You feel panicked, rejected or abandoned when your partner needs space. And you respond by pushing harder to resolve things right now because your nervous system doesn’t feel safe with distance or by shutting down.

We might be a good fit If...

You often choose emotionally unavailable or unpredictable partners, and part of you already knows it’s not an accident. Or you find yourself trying to “fix” or upgrade your partner not because you don’t love them, but because their imperfections trigger parts of you that you haven’t fully accepted.

We might be a good fit If...

You try to be the perfect partner/ friend/ child/ coworker: low-maintenance, adaptable, self-sufficient, and then you feel alone and silently resent that no one sees what it costs you.

We might be a good fit If...

You find yourself caught between two painful strategies: over-functioning to earn love or disconnecting completely so you don’t have to risk needing anyone. You’re the one who gives, fixes, anticipates, and then quietly wonders why no one ever seems to show up for you.

We might be a good fit If...

You wish your partner would just know what you need because asking makes you feel like a burden or unchosen or unworthy. 

We might be a good fit If...

You’ve experienced emotional neglect, enmeshment, parentification or ongoing abuse and you’re ready to start working through the wounds.

Relational trauma can look like emotional neglect.
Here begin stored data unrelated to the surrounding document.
lemma initial_lipschitz_far:
  assumes T: "0 \<le> T" and mu: "smooth_on (dom_T T) \<mu>"
    and mu01: "\<And>y. 0 \<le> \<mu> (0, y) \<and> \<mu> (0, y) \<le> 1"
    and third: "\<And>x. B < \<bar>x\<bar> \<Longrightarrow> \<bar>px (px (px \<mu>)) (0, x)\<bar> \<le> M"
    and x: "B + 3 \<le> \<bar>x\<bar>" and zx: "\<bar>z - x\<bar> \<le> 1"
  shows "\<bar>\<mu> (0, z) - \<mu> (0, x)\<bar> \<le> (1 + M) * \<bar>z - x\<bar>"
proof -
  have T0: "0 \<in> {0..T}" using T by simp
  have grad: "\<bar>px \<mu> (0, w)\<bar> \<le> 1 + M" if w: "B + 2 \<le> \<bar>w\<bar>" for w
  proof (rule derivative_bound_from_third[where f = "\<lambda>y. \<mu> (0, y)" and df = "\<lambda>y. px \<mu> (0, y)"
        and ddf = "\<lambda>y. px (px \<mu>) (0, y)" and dddf = "\<lambda>y. px (px (px \<mu>)) (0, y)"])
    show "((\<lambda>y. \<mu> (0, y)) has_real_derivative px \<mu> (0, y)) (at y)" for y
      by (rule has_px_derivative[OF mu T0])
    show "((\<lambda>y. px \<mu> (0, y)) has_real_derivative px (px \<mu>) (0, y)) (at y)" for y
      by (rule has_px_derivative[OF smooth_on_px[OF mu] T0])
    show "((\<lambda>y. px (px \<mu>) (0, y)) has_real_derivative px (px (px \<mu>)) (0, y)) (at y)" for y
      by (rule has_px_derivative[OF smooth_on_px[OF smooth_on_px[OF mu]] T0])
    show "\<bar>px (px (px \<mu>)) (0, y)\<bar> \<le> M" if "w - 1 \<le> y" "y \<le> w + 1" for y
      using that w by (intro third) arith
  qed (rule mu01)
  have far_segment: "B + 2 \<le> \<bar>w\<bar>" if "w \<in> closed_segment x z" for w
  proof -
    have "\<bar>w - x\<bar> \<le> \<bar>z - x\<bar>" using segment_bound1[OF that] by simp
    then show ?thesis using x zx abs_triangle_ineq2[of x w] abs_minus_commute[of w x] by linarith
  qed
  have "norm (\<mu> (0, z) - \<mu> (0, x)) \<le> (1 + M) * norm (z - x)"
  proof (rule field_differentiable_bound[where S = "closed_segment x z" and f' = "\<lambda>w. px \<mu> (0, w)"])
    show "((\<lambda>y. \<mu> (0, y)) has_field_derivative px \<mu> (0, w)) (at w within closed_segment x z)" for w
      by (rule has_field_derivative_at_within[OF has_px_derivative[OF mu T0]])
  qed (use grad far_segment in auto)
  then show ?thesis by simp
qed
Sometimes it looks like a parent who was physically present but emotionally absent. Sometimes it’s growing up in a household where your needs weren’t allowed or, worse, punished. And sometimes it’s the confusing mix of being both loved and hurt by the same people. It can also include experiences like enmeshment, parentification, manipulation or abuse. Whether the wounds were loud or quiet, healing them means stepping out of survival mode and learning to relate to yourself and others in a new way. A way that’s rooted in self-trust, emotional safety, and mutual care.

Individual therapy for Relational traumas in Hermosa Beach and Los Angeles

What we’ll work on together in therapy

Individual therapy for Relational traumas in Hermosa Beach and Los Angeles

Understanding How Your Inner World Was Shaped

 Exploring how your relationship with yourself formed in response to early attachment dynamics and how those internalized voices still shape your day-to-day thoughts, emotions, and reactions.
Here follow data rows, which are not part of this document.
(* For any point $\mathbf c\in\mathcal K_{d;\le2}\cap\mathcal U_{d;\le2}$, the orbit $O_d(\mathbb R)\cdot\mathbf c$ and $\mathcal K_{d;\le2}$ intersect transversally, i.e. at every point $q$ of their intersection $T_q(O_d(\mathbb R)\cdot\mathbf c)+T_q\mathcal K_{d;\le2}=\mathbb R^d\oplus\mathfrak{so}(d,\mathbb R)$.
   Context: Fix $d\ge2$. Consider $\mathbb R^d\oplus\mathfrak{so}(d,\mathbb R)$ with elements $(v,M)$, $v=(c_1,\dots,c_d)^\top$, $M$ real skew-symmetric with $M_{ij}=c_{ij}=-M_{ji}$ for $i<j$; $O_d(\mathbb R)$ acts by $A\cdot(v,M)=(Av,AMA^\top)$. Let $\mathcal K_{d;\le2}=\{(v,M): c_i=0\ (1\le i\le d-1),\ c_{j(i+1)}=0\ (1\le j<i\le d-1),\ c_d>0,\ c_{i(i+1)}>0\ (1\le i\le d-1)\}$. $\mathcal U_{d;\le2}$: on $V_{\mathbb C}=\mathbb C^d\oplus\mathfrak{so}(d,\mathbb C)$ (same coordinates) with $O_d(\mathbb C)=\{A:AA^\top=I\}$ acting the same way, let $L^{(1)}=\{c_1=\dots=c_{d-1}=0\}$ and for $2\le i\le d-1$, $L^{(i)}=\{(v,M)\in L^{(i-1)}: c_{k(d-i+2)}=0,\ 1\le k\le d-i\}$. Let $f_1=c_1^2+\dots+c_d^2$; for $2\le i\le d-1$ let $f_i$ be the $O_d(\mathbb C)$-invariant rational function on $V_{\mathbb C}$ with $f_i|_{L^{(i-1)}}=c_{1(d-i+2)}^2+\dots+c_{(d-i+1)(d-i+2)}^2$; let $f_d$ be the invariant rational function with $f_d|_{L^{(d-1)}}=c_{12}^2$ (they exist, have real coefficients, and are unique). $\mathcal U_{d;\le2}$ is the set of real $(v,M)$ in the domain of every $f_k$ with $f_k(v,M)\neq0$ for all $k$. *)

theory Defs
  imports Complex_Main "Jordan_Normal_Form.Matrix"
begin

(* Vectors/matrices are JNF
   vectors/matrices of dimension d (0-based internally); the paper's 1-based coordinates
   c_i and c_ij are provided by cv and cm below. *)
type_synonym 'a pt = "'a vec \<times> 'a mat"

definition Vd :: "nat \<Rightarrow> ('a::comm_ring_1) pt set" where
  "Vd d = {(v, M). v \<in> carrier_vec d \<and> M \<in> carrier_mat d d \<and> transpose_mat M = - M}"

definition cv :: "nat \<Rightarrow> 'a pt \<Rightarrow> 'a" where
  "cv i x = fst x $ (i - 1)"

definition cm :: "nat \<Rightarrow> nat \<Rightarrow> 'a pt \<Rightarrow> 'a" where
  "cm i j x = snd x $$ (i - 1, j - 1)"

definition Ogrp :: "nat \<Rightarrow> ('a::comm_ring_1) mat set" where
  "Ogrp d = {A. A \<in> carrier_mat d d \<and> A * transpose_mat A = 1\<^sub>m d}"

definition act :: "('a::comm_ring_1) mat \<Rightarrow> 'a pt \<Rightarrow> 'a pt" where
  "act A x = (A *\<^sub>v fst x, A * snd x * transpose_mat A)"

definition orbit :: "nat \<Rightarrow> real pt \<Rightarrow> real pt set" where
  "orbit d c = {act A c | A. A \<in> Ogrp d}"

definition Kd :: "nat \<Rightarrow> real pt set" where
  "Kd d = {x \<in> Vd d.
      (\<forall>i. 1 \<le> i \<and> i \<le> d - 1 \<longrightarrow> cv i x = 0) \<and>
      (\<forall>i j. 1 \<le> j \<and> j < i \<and> i \<le> d - 1 \<longrightarrow> cm j (i + 1) x = 0) \<and>
      cv d x > 0 \<and>
      (\<forall>i. 1 \<le> i \<and> i \<le> d - 1 \<longrightarrow> cm i (i + 1) x > 0)}"

(* the linear subspace of which K_{d;<=2} is an open subset: its tangent space at every point *)
definition TK :: "nat \<Rightarrow> real pt set" where
  "TK d = {x \<in> Vd d.
      (\<forall>i. 1 \<le> i \<and> i \<le> d - 1 \<longrightarrow> cv i x = 0) \<and>
      (\<forall>i j. 1 \<le> j \<and> j < i \<and> i \<le> d - 1 \<longrightarrow> cm j (i + 1) x = 0)}"

(* tangent space at q of the orbit O_d(R).q: image of so(d,R) under the differential of
   A |-> A.q at the identity, X |-> (Xv, XM + MX^T) = (Xv, XM - MX) *)
definition Torb :: "nat \<Rightarrow> real pt \<Rightarrow> real pt set" where
  "Torb d q = {(X *\<^sub>v fst q, X * snd q + snd q * transpose_mat X) | X.
                 X \<in> carrier_mat d d \<and> transpose_mat X = - X}"

definition ptsum :: "('a::comm_ring_1) pt set \<Rightarrow> 'a pt set \<Rightarrow> 'a pt set" where
  "ptsum S T = {(fst a + fst b, snd a + snd b) | a b. a \<in> S \<and> b \<in> T}"

inductive_set polyfun :: "nat \<Rightarrow> (complex pt \<Rightarrow> complex) set" for d where
  pconst: "(\<lambda>x. c) \<in> polyfun d"
| pcv: "1 \<le> i \<Longrightarrow> i \<le> d \<Longrightarrow> cv i \<in> polyfun d"
| pcm: "1 \<le> i \<Longrightarrow> i < j \<Longrightarrow> j \<le> d \<Longrightarrow> cm i j \<in> polyfun d"
| padd: "p \<in> polyfun d \<Longrightarrow> q \<in> polyfun d \<Longrightarrow> (\<lambda>x. p x + q x) \<in> polyfun d"
| pmul: "p \<in> polyfun d \<Longrightarrow> q \<in> polyfun d \<Longrightarrow> (\<lambda>x. p x * q x) \<in> polyfun d"

definition ratrep :: "nat \<Rightarrow> (complex pt \<Rightarrow> complex) \<Rightarrow> (complex pt \<Rightarrow> complex) \<Rightarrow> bool" where
  "ratrep d p q \<longleftrightarrow> p \<in> polyfun d \<and> q \<in> polyfun d \<and> (\<exists>x \<in> Vd d. q x \<noteq> 0)"

definition rateq :: "nat \<Rightarrow> (complex pt \<Rightarrow> complex) \<Rightarrow> (complex pt \<Rightarrow> complex)
                    \<Rightarrow> (complex pt \<Rightarrow> complex) \<Rightarrow> (complex pt \<Rightarrow> complex) \<Rightarrow> bool" where
  "rateq d p1 q1 p2 q2 \<longleftrightarrow> (\<forall>x \<in> Vd d. p1 x * q2 x = p2 x * q1 x)"

definition invariant :: "nat \<Rightarrow> (complex pt \<Rightarrow> complex) \<Rightarrow> (complex pt \<Rightarrow> complex) \<Rightarrow> bool" where
  "invariant d p q \<longleftrightarrow> (\<forall>A \<in> Ogrp d. rateq d (\<lambda>x. p (act A x)) (\<lambda>x. q (act A x)) p q)"

definition restricts_to :: "nat \<Rightarrow> (complex pt \<Rightarrow> complex) \<Rightarrow> (complex pt \<Rightarrow> complex)
                           \<Rightarrow> complex pt set \<Rightarrow> (complex pt \<Rightarrow> complex) \<Rightarrow> bool" where
  "restricts_to d p q L g \<longleftrightarrow>
     (\<exists>p' q'. ratrep d p' q' \<and> rateq d p q p' q' \<and> (\<exists>x \<in> L. q' x \<noteq> 0) \<and>
              (\<forall>x \<in> L. p' x = g x * q' x))"

definition dom_nonzero :: "nat \<Rightarrow> (complex pt \<Rightarrow> complex) \<Rightarrow> (complex pt \<Rightarrow> complex)
                           \<Rightarrow> complex pt \<Rightarrow> bool" where
  "dom_nonzero d p q z \<longleftrightarrow>
     (\<exists>p' q'. ratrep d p' q' \<and> rateq d p q p' q' \<and> q' z \<noteq> 0 \<and> p' z / q' z \<noteq> 0)"

(* L^{(i)}, 1 <= i <= d-1 (L 0 = V_C is only an auxiliary value) *)
primrec Lset :: "nat \<Rightarrow> nat \<Rightarrow> complex pt set" where
  "Lset d 0 = Vd d"
| "Lset d (Suc n) =
     (if n = 0 then {x \<in> Vd d. \<forall>i. 1 \<le> i \<and> i \<le> d - 1 \<longrightarrow> cv i x = 0}
      else {x \<in> Lset d n. \<forall>k. 1 \<le> k \<and> k \<le> d - Suc n \<longrightarrow> cm k (d - Suc n + 2) x = 0})"

definition is_f :: "nat \<Rightarrow> nat \<Rightarrow> (complex pt \<Rightarrow> complex) \<Rightarrow> (complex pt \<Rightarrow> complex) \<Rightarrow> bool" where
  "is_f d k p q \<longleftrightarrow> ratrep d p q \<and>
     (if k = 1 then rateq d p q (\<lambda>x. \<Sum>i = 1..d. (cv i x)\<^sup>2) (\<lambda>x. 1)
      else if k < d then invariant d p q \<and>
        restricts_to d p q (Lset d (k - 1)) (\<lambda>x. \<Sum>m = 1..d - k + 1. (cm m (d - k + 2) x)\<^sup>2)
      else invariant d p q \<and> restricts_to d p q (Lset d (d - 1)) (\<lambda>x. (cm 1 2 x)\<^sup>2))"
Recognizing the Patterns You Keep Returning To


Identifying the relational patterns you reenact with others, and how you might unconsciously seek out the familiar, even when it hurts, and how to shift those dynamics consciously.
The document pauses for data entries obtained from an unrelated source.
lemma ulim_le_mult:
  fixes f g :: "nat \<Rightarrow> real"
  assumes U: "nonprincipal_ultrafilter F" and fg: "\<And>n. f n \<le> L * g n"
    and f: "eventually (\<lambda>n. f n \<in> {A..B}) F" and g: "eventually (\<lambda>n. g n \<in> {A'..B'}) F"
  shows "ulim F f \<le> L * ulim F g"
proof -
  obtain lf lg where lf: "(f \<longlongrightarrow> lf) F" and lg: "(g \<longlongrightarrow> lg) F"
    using ultrafilter_bounded_tendsto[OF U f] ultrafilter_bounded_tendsto[OF U g] by blast
  have "F \<noteq> bot" using U by (simp add: nonprincipal_ultrafilter_def)
  then have "lf \<le> L * lg" by (rule tendsto_le[OF _ tendsto_mult_left[OF lg] lf]) (simp add: fg)
  then show ?thesis using ulim_eq[OF U lf] ulim_eq[OF U lg] by simp
qed

lemma cone_admissible_mono:
  assumes "cone_admissible F d g" "\<And>n. f n \<le> K * g n" "K \<ge> 0"
  shows "cone_admissible F d f"
proof -
  obtain C where "eventually (\<lambda>n. g n \<le> C * d n) F"
    using assms(1) by (auto simp: cone_admissible_def)
  then have "eventually (\<lambda>n. f n \<le> (K * C) * d n) F"
    by eventually_elim (metis assms(2,3) mult.assoc mult_left_mono order_trans)
  then show ?thesis unfolding cone_admissible_def by blast
qed

lemma cone_admissible_add:
  assumes "cone_admissible F d f" "cone_admissible F d g"
  shows "cone_admissible F d (\<lambda>n. f n + g n)"
proof -
  obtain C1 C2 where "eventually (\<lambda>n. f n \<le> C1 * d n) F" "eventually (\<lambda>n. g n \<le> C2 * d n) F"
    using assms by (auto simp: cone_admissible_def)
  then have "eventually (\<lambda>n. f n + g n \<le> (C1 + C2) * d n) F"
    by eventually_elim (simp add: distrib_right add_mono)
  then show ?thesis unfolding cone_admissible_def by blast
qed

lemma ulim_rescaled_bilipschitz:
  fixes a b :: "nat \<Rightarrow> nat"
  assumes U: "nonprincipal_ultrafilter F" and d: "\<forall>n. d n > 0" and "L > 0"
    and ab: "\<And>n. real (a n) \<le> L * real (b n)" and ba: "\<And>n. real (b n) \<le> L * real (a n)"
    and adm: "cone_admissible F d (\<lambda>n. real (a n))"
  shows "ulim F (\<lambda>n. real (a n) / d n) \<le> L * ulim F (\<lambda>n. real (b n) / d n)
       \<and> ulim F (\<lambda>n. real (b n) / d n) \<le> L * ulim F (\<lambda>n. real (a n) / d n)"
proof -
  obtain C where C: "eventually (\<lambda>n. real (a n) \<le> C * d n) F"
    using adm by (auto simp: cone_admissible_def)
  have a_bdd: "eventually (\<lambda>n. real (a n) / d n \<in> {0..C}) F"
    using C by eventually_elim (simp add: d[rule_format] pos_divide_le_eq less_imp_le)
  have b_bdd: "eventually (\<lambda>n. real (b n) / d n \<in> {0..L * C}) F"
    using C
  proof eventually_elim
    case (elim n)
    have "real (b n) \<le> L * (C * d n)" using ba[of n] elim \<open>L > 0\<close> by (meson mult_left_mono
          less_eq_real_def order_trans)
    then show ?case by (simp add: d[rule_format] pos_divide_le_eq less_imp_le)
  qed
  have "real (a n) / d n \<le> L * (real (b n) / d n)"
    and "real (b n) / d n \<le> L * (real (a n) / d n)" for n
    using ab[of n] ba[of n] d[rule_format, of n] by (simp_all add: divide_right_mono)
  then show ?thesis
    using ulim_le_mult[OF U _ a_bdd b_bdd] ulim_le_mult[OF U _ b_bdd a_bdd] by blast
qed

lemma ulim_bilipschitz_lengths:
  fixes la lb :: "word \<Rightarrow> nat" and L :: nat
  assumes U: "nonprincipal_ultrafilter F" and d: "\<forall>n. d n > 0" and "L > 0"
    and bil: "\<And>u. u \<in> K \<Longrightarrow> la u \<le> L * lb u \<and> lb u \<le> L * la u"
    and closed: "\<And>u v. u \<in> K \<Longrightarrow> v \<in> K \<Longrightarrow> fmul (winv u) v \<in> K"
    and subadd: "\<And>u v. u \<in> K \<Longrightarrow> v \<in> K \<Longrightarrow> la (fmul (winv u) v) \<le> la u + la v"
    and x: "\<forall>n. x n \<in> K" and y: "\<forall>n. y n \<in> K"
    and lb_x: "cone_admissible F d (\<lambda>n. real (lb (x n)))"
    and lb_y: "cone_admissible F d (\<lambda>n. real (lb (y n)))"
  shows "cone_admissible F d (\<lambda>n. real (la (x n)))
    \<and> ulim F (\<lambda>n. real (la (fmul (winv (x n)) (y n))) / d n)
        \<le> L * ulim F (\<lambda>n. real (lb (fmul (winv (x n)) (y n))) / d n)
    \<and> ulim F (\<lambda>n. real (lb (fmul (winv (x n)) (y n))) / d n)
        \<le> L * ulim F (\<lambda>n. real (la (fmul (winv (x n)) (y n))) / d n)"
proof -
  have la_le: "real (la u) \<le> real L * real (lb u)"
    and lb_le: "real (lb u) \<le> real L * real (la u)" if "u \<in> K" for u
    using bil[OF that] by (metis of_nat_le_iff of_nat_mult)+
  have la_x: "cone_admissible F d (\<lambda>n. real (la (x n)))"
    and la_y: "cone_admissible F d (\<lambda>n. real (la (y n)))"
    using cone_admissible_mono[OF lb_x la_le[OF x[rule_format]] of_nat_0_le_iff]
      cone_admissible_mono[OF lb_y la_le[OF y[rule_format]] of_nat_0_le_iff] .
  define u where "u n = fmul (winv (x n)) (y n)" for n
  have u: "u n \<in> K" for n using closed x y by (simp add: u_def)
  have "real (la (u n)) \<le> 1 * (real (la (x n)) + real (la (y n)))" for n
    using subadd x y by (simp add: u_def flip: of_nat_add)
  then have "cone_admissible F d (\<lambda>n. real (la (u n)))"
    by (rule cone_admissible_mono[OF cone_admissible_add[OF la_x la_y]]) simp
  with la_x show ?thesis
    using ulim_rescaled_bilipschitz[OF U d _ la_le[OF u] lb_le[OF u]] \<open>L > 0\<close>
    by (simp add: u_def)
qed

theorem proposition6p6:
  fixes g :: "nat \<Rightarrow> word"            (* g_n, n \<ge> 1 *)
    and h :: "nat \<Rightarrow> word"            (* h_{n+1} = h (n+1) *)
    and r :: "nat \<Rightarrow> nat \<Rightarrow> letter"  (* r n : the ray used at step n *)
    and c e :: "nat \<Rightarrow> letter"        (* c_{n+1}, d_{n+1} *)
    and N :: "nat \<Rightarrow> nat"
    and S :: "word set"                 (* finite generating set of K_2 *)
    and F :: "nat filter"
    and d :: "nat \<Rightarrow> real"
  assumes g_F2: "\<forall>n\<ge>1. g n \<in> F2"
    and g1: "\<not> proper_power (g 1)"
    and no_powers: "\<forall>n\<ge>1. \<forall>m\<ge>1. replicate m gen_a \<notin> Kn g n \<and> replicate m gen_b \<notin> Kn g n"
    and step: "\<forall>n\<ge>1.
        g (Suc n) \<notin> Kn g n
      \<and> cyc_reduced (g (Suc n))
      \<and> gprod_set (g (Suc n)) (Kn g n)
          = (LEAST m. \<exists>k \<in> F2 - Kn g n. gprod_set k (Kn g n) = m)
      \<and> geod_ray (r n)
      \<and> (\<forall>r'. geod_ray r' \<longrightarrow> ray_gprod_set (r n) (Kn g n) \<le> ray_gprod_set r' (Kn g n))
      \<and> h (Suc n) = ray_prefix (r n) (length (h (Suc n)))
      \<and> enat (gprod_set (h (Suc n)) (Kn g n)) = ray_gprod_set (r n) (Kn g n)
      \<and> length (h (Suc n)) = gprod_set (h (Suc n)) (Kn g n) + 1
      \<and> (\<forall>w \<in> Kn g n. \<forall>m. has_power_subword gen_a m w \<or> has_power_subword gen_b m w
            \<longrightarrow> 2 * m \<le> N n)
      \<and> N n > length (h (Suc n))
      \<and> fst (c (Suc n)) < 2 \<and> fst (e (Suc n)) < 2
      \<and> cyc_reduced (h (Suc n) @ [c (Suc n)] @ Uword (N n) @ [e (Suc n)])
      \<and> g (Suc n) = h (Suc n) @ [c (Suc n)] @ Uword (N n) @ [e (Suc n)]"
    and S_fin: "finite S"
    and S_sub: "S \<subseteq> Kn g 2"
    and S_gen: "gen_sub S = Kn g 2"
    and ultra: "nonprincipal_ultrafilter F"
    and d_pos: "\<forall>n. d n > 0"
    and d_inf: "filterlim d at_top F"
  shows "\<exists>L>0. \<forall>x y. (\<forall>n. x n \<in> Kn g 2) \<longrightarrow> (\<forall>n. y n \<in> Kn g 2)
           \<longrightarrow> cone_admissible F d (\<lambda>n. real (wlS S (x n)))
           \<longrightarrow> cone_admissible F d (\<lambda>n. real (wlS S (y n)))
           \<longrightarrow> cone_admissible F d (\<lambda>n. real (wlG g (x n)))
             \<and> ulim F (\<lambda>n. real (distG g (x n) (y n)) / d n)
                 \<le> L * ulim F (\<lambda>n. real (distS S (x n) (y n)) / d n)
             \<and> ulim F (\<lambda>n. real (distS S (x n) (y n)) / d n)
                 \<le> L * ulim F (\<lambda>n. real (distG g (x n) (y n)) / d n)"
proof -
  have "Kn g n \<subseteq> F2" for n
    unfolding Kn_def using g_F2 by (intro gen_sub_FG) auto
  then have K2: "Kn g 2 \<subseteq> F2" and Kall: "Kall g \<subseteq> F2"
    by (auto simp: Kall_def)
  have "S \<subseteq> F2" using S_sub K2 by (rule order_trans)
  from gen_sub_undistorted[OF this S_fin] obtain L :: nat where "L > 0"
    and L: "\<And>u. u \<in> Kn g 2 \<Longrightarrow> length u \<le> L * wlS S u \<and> wlS S u \<le> L * length u"
    unfolding S_gen by blast
  have wlG: "wlG g u = length u" if "u \<in> Kn g 2" for u
    using wlG_F2[OF Kall] K2 that by blast
  have closed: "fmul (winv u) v \<in> Kn g 2" if "u \<in> Kn g 2" "v \<in> Kn g 2" for u v
    using that unfolding S_gen[symmetric] by (intro gen_sub.mul gen_sub.inv)
  show ?thesis
  proof (intro exI[of _ "real L"] conjI allI impI)
    fix x y :: "nat \<Rightarrow> word"
    assume "\<forall>n. x n \<in> Kn g 2" "\<forall>n. y n \<in> Kn g 2"
      "cone_admissible F d (\<lambda>n. real (wlS S (x n)))"
      "cone_admissible F d (\<lambda>n. real (wlS S (y n)))"
    with ulim_bilipschitz_lengths[OF ultra d_pos \<open>L > 0\<close> L closed fdist_le_length[unfolded fdist_def]]
    show "cone_admissible F d (\<lambda>n. real (wlG g (x n)))"
      and "ulim F (\<lambda>n. real (distG g (x n) (y n)) / d n)
             \<le> real L * ulim F (\<lambda>n. real (distS S (x n) (y n)) / d n)"
      and "ulim F (\<lambda>n. real (distS S (x n) (y n)) / d n)
             \<le> real L * ulim F (\<lambda>n. real (distG g (x n) (y n)) / d n)"
      by (simp_all add: wlG closed distG_def distS_def)
  qed (use \<open>L > 0\<close> in simp)
qed

end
Moving From Resistance to Relational Integrity

 Interrupting the cycle of resistance (“I’ll never be like them”) and instead creating space to model something healthier—relational integrity: connection with boundaries, strength with vulnerability.

Caring for the Younger Parts of You

Learning to reparent your emotional world by creating space and compassion for the parts of you that had to grow up too fast, stay small or shut down to stay safe. These younger parts often take the wheel in adulthood by shaping how you protect yourself, how you connect, and how you expect to be treated. In therapy, we begin to notice when they’re in charge, and help your adult self step back in with clarity and care.

Building Emotional Resilience That Lasts

 Building emotional resilience so you can feel your feelings without drowning in them, set boundaries without guilt, and ask for what you need without fear that it makes you a burden.

Repairing and Staying Connected Through Conflict


Practicing relational repair in real time, including how to stay connected during conflict, how to advocate for your needs, and how to receive love without flinching or micromanaging it.

Creating a Relationship With Yourself That Heals

 
Creating a new, more compassionate relationship with yourself—one that doesn’t echo old criticism or erasure, but offers steadiness, clarity, and care.